Nix doesn't use containers by default

This has been controversial but fully isolated builds are one flag away (and much of the community wants that flag to default to true, even if it doesn't do so today), using Linux namespaces, seccomp, and no capabilities. This means zero network connectivity inside a build, and the only parts of the filesystem visible to you are the ones you need for your dependencies. On macOS there's a different mechanism with similar properties.
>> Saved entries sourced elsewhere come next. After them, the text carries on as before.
(* Let $k\in\mathbb{N}$, let $u=a_1\cdots a_n$ be a word over a finite alphabet $A$, and let $i<j$ be positions with $a_i=a_j$ and $a_\ell\neq a_i$ for all $\ell\in\{i+1,\dots,j-1\}$. Suppose the attributes satisfy $x_i+y_i\le k+1$ and $x_j\le k$. Then for every word $v$ with $u\sim_k v$, the positions $r^u_i(v)$ and $r^u_j(v)$ are defined and $r^u_i(v)<r^u_j(v)$.
   Context: $w\prec v$ ($w$ is a scattered subword of $v$) means $v=v_0b_1v_1\cdots b_mv_m$ where $w=b_1\cdots b_m$. $u\sim_k v$ iff $u,v$ have the same subwords of length at most $k$. An X-ranker is a nonempty word over $\{\mathsf X_a : a\in A\}$, a Y-ranker a nonempty word over $\{\mathsf Y_a:a\in A\}$, length = word length. For a word $w$: $\mathsf X_a(w)$ is the smallest $a$-position, $r\mathsf X_a(w)$ the smallest $a$-position greater than $r(w)$; $\mathsf Y_a(w)$ the greatest $a$-position, $r\mathsf Y_a(w)$ the greatest $a$-position smaller than $r(w)$ (possibly undefined). The attribute of position $p$ of $u$ is $(x_p,y_p)$, $x_p$ (resp. $y_p$) the minimal length of an X-ranker (resp. Y-ranker) $r$ with $r(u)=p$. Canonical X-ranker $r^u_p$: let $R^u_p$ be the set of X-rankers of length $x_p$ reaching $p$ in $u$; set $S_{x_p}=R^u_p$ and for $t=x_p-1,\dots,1$ let $q_t$ be the minimal position of $u$ reached by length-$t$ prefixes of rankers in $S_{t+1}$ and $S_t$ the set of those rankers in $S_{t+1}$ whose length-$t$ prefix reaches $q_t$; then $S_1=\{r^u_p\}$. *)

theory Defs
  imports Main "HOL-Library.Sublist"
begin
lemma cyc_inf_eq_if_attained:
  assumes "n \<ge> 3" and "cyc_eval n t = (sqrt 3 / 2) ^ totient n"
  shows "cyc_inf n = (sqrt 3 / 2) ^ totient n"
proof (rule antisym)
  have "bdd_below (range (cyc_eval n))"
    using cyc_eval_lower_bound[OF assms(1)] by (intro bdd_belowI2)
  hence "cyc_inf n \<le> cyc_eval n t"
    unfolding cyc_inf_def cyc_eval_def[symmetric] by (rule cINF_lower) simp
  thus "cyc_inf n \<le> (sqrt 3 / 2) ^ totient n"
    using assms(2) by simp
qed (rule cyc_inf_lower_bound[OF assms(1)])

theorem proposition4p3:
  shows "(\<forall>n::nat. n \<ge> 3 \<longrightarrow> cyc_inf n \<ge> (sqrt 3 / 2) ^ totient n)
         \<and> cyc_inf 3 = (sqrt 3 / 2) ^ totient 3
         \<and> cyc_inf 6 = (sqrt 3 / 2) ^ totient 6"
proof (intro conjI allI impI)
  show "(sqrt 3 / 2) ^ totient n \<le> cyc_inf n" if "n \<ge> 3" for n
    using that by (rule cyc_inf_lower_bound)
  have value_3: "cyc_eval 3 (- (1/2)) = (sqrt 3 / 2) ^ 2"
    by (simp add: cyc_eval_3 sqrt3_half_square power2_eq_square)
  show "cyc_inf 3 = (sqrt 3 / 2) ^ totient 3"
    using value_3 by (intro cyc_inf_eq_if_attained) (simp_all add: totient_prime)
  have "cyc_eval (2 * 3) (1/2) = cyc_eval 3 (- (1/2))"
    by (rule cyc_eval_double_odd) simp_all
  thus "cyc_inf 6 = (sqrt 3 / 2) ^ totient 6"
    using value_3 by (intro cyc_inf_eq_if_attained) simp_all
qed

end
lemma inj_on_line_of_collide: "inj_on line_of ({x0} \<union> Y_collide \<union> Z_collide)"
proof (rule inj_onI)
  fix u v assume "u \<in> {x0} \<union> Y_collide \<union> Z_collide" "v \<in> {x0} \<union> Y_collide \<union> Z_collide"
    and eq: "line_of u = line_of v"
  then consider "u = x0" "v = x0" | "u \<in> Y_collide" "v \<in> Y_collide"
    | "u \<in> Z_collide" "v \<in> Z_collide" | "u = x0" "v \<in> Y_collide \<union> Z_collide"
    | "v = x0" "u \<in> Y_collide \<union> Z_collide" | "u \<in> Y_collide" "v \<in> Z_collide"
    | "v \<in> Y_collide" "u \<in> Z_collide"
    by blast
  then show "u = v"
  proof cases
    case 2
    then show ?thesis
      using gline_YY_inj y1 eq by (auto simp: line_of_Y Y_collide_def)
  next
    case 3
    then show ?thesis
      using swap.gline_YY_inj z1 eq by (auto simp: line_of_Z_collide Z_collide_def)
  qed (use eq line_of_x0_ne_Y_collide line_of_x0_ne_Z_collide line_of_Y_collide_ne_Z_collide
       in fastforce)+
qed

lemma inj_on_line_of_avoiding_x0: "inj_on line_of ({x0} \<union> Y_collide \<union> Z_collide \<union> Z_adj)"
proof -
  have "inj_on line_of Z_adj"
    using swap.gline_YY_inj zo by (auto simp: inj_on_def line_of_Z_adj Z_adj_def)
  moreover have "line_of u \<noteq> line_of v" if "u \<in> {x0} \<union> Y_collide \<union> Z_collide" "v \<in> Z_adj" for u v
    using z1_in_line_of[OF that(1)] z1_notin_line_of[OF that(2)] by auto
  ultimately show ?thesis
    using inj_on_line_of_collide by (auto simp: inj_on_Un)
qed

lemma card_V_le_card_lines: "card V \<le> card (lines V (gdist V E))"
proof -
  let ?through = "pencil \<union> Y_adj" and ?avoiding = "{x0} \<union> Y_collide \<union> Z_collide \<union> Z_adj"
  have cover: "?through \<union> ?avoiding = V"
    using x0 in_V by (auto simp: pencil_def Y_adj_def Y_collide_def Z_adj_def Z_collide_def)
  have "line_of u \<noteq> line_of v" if "u \<in> ?through" "v \<in> ?avoiding" for u v
    using x0_in_line_of[OF that(1)] x0_notin_line_of[OF that(2)] by auto
  then have "inj_on line_of (?through \<union> ?avoiding)"
    using inj_on_Un[of line_of ?through ?avoiding] inj_on_line_of_through_x0
      inj_on_line_of_avoiding_x0 by blast
  then have "inj_on line_of V"
    by (rule back_subst[of "inj_on line_of"]) (rule cover)
  moreover have "line_of v \<in> lines V (gdist V E)" if "v \<in> V" for v
    using that
    by (cases rule: line_of_cases)
      (use that x0 y1 z1 zo in_V disjoint_parts in \<open>auto intro!: line_in_lines\<close>)
  ultimately show ?thesis
    using finite_lines[OF finite_V] by (blast intro: card_inj_on_le)
qed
Nix is written in C++ while BuildKit is in Go
Nix is released under LGPL while BuildKit is under Apache License 2

Can't argue there 😄

Anyway, I mostly just like to see acknowledgments of related work when new work is started/proposed. It's very different to know the landscape and deliberately choose to try something different, vs. accidentally reinventing the wheel. It sounds like you know what's going on but it would be lovely to get a more fleshed out version of these points in a permanent location, because I'm pretty sure I won't be the only person with these questions when they see your project.

Thanks!

Jess Frazelle · Answer 15 · Mon Feb 26 2018 00:23:42 GMT+0800 (China Standard Time)

Hey so I was wondering since this is being worked on to be moved upstream I think I can help with testing. I am sure @crosbymichael and others remember what happened the last time someone rewrote the builder and we had to test it and fix a ton of bugs. Anyways I successfully ran buildkit on all my images but I am sure mine all kinda have the same semantic structure so if you want help testing this across many I would be happy to help.

Also @tonistiigi thanks for buildkit it is truly awesome :)

Akihiro Suda · Answer 16 · Wed Feb 28 2018 12:54:36 GMT+0800 (China Standard Time)

@jessfraz I think we want to integrate containerd contentstore/snapshotter/imagestore to Moby first.

Akihiro Suda · Answer 17 · Fri Nov 02 2018 16:03:44 GMT+0800 (China Standard Time)

BuildKit has been already integrated to Docker since v18.06

@tonistiigi Can we close this issue?

Alex Ellis · Answer 18 · Tue Feb 04 2020 04:00:50 GMT+0800 (China Standard Time)

Remind me of the context?

Sebastiaan van Stijn · Answer 19 · Tue Feb 04 2020 04:04:25 GMT+0800 (China Standard Time)

@alexellis I think it's a spam account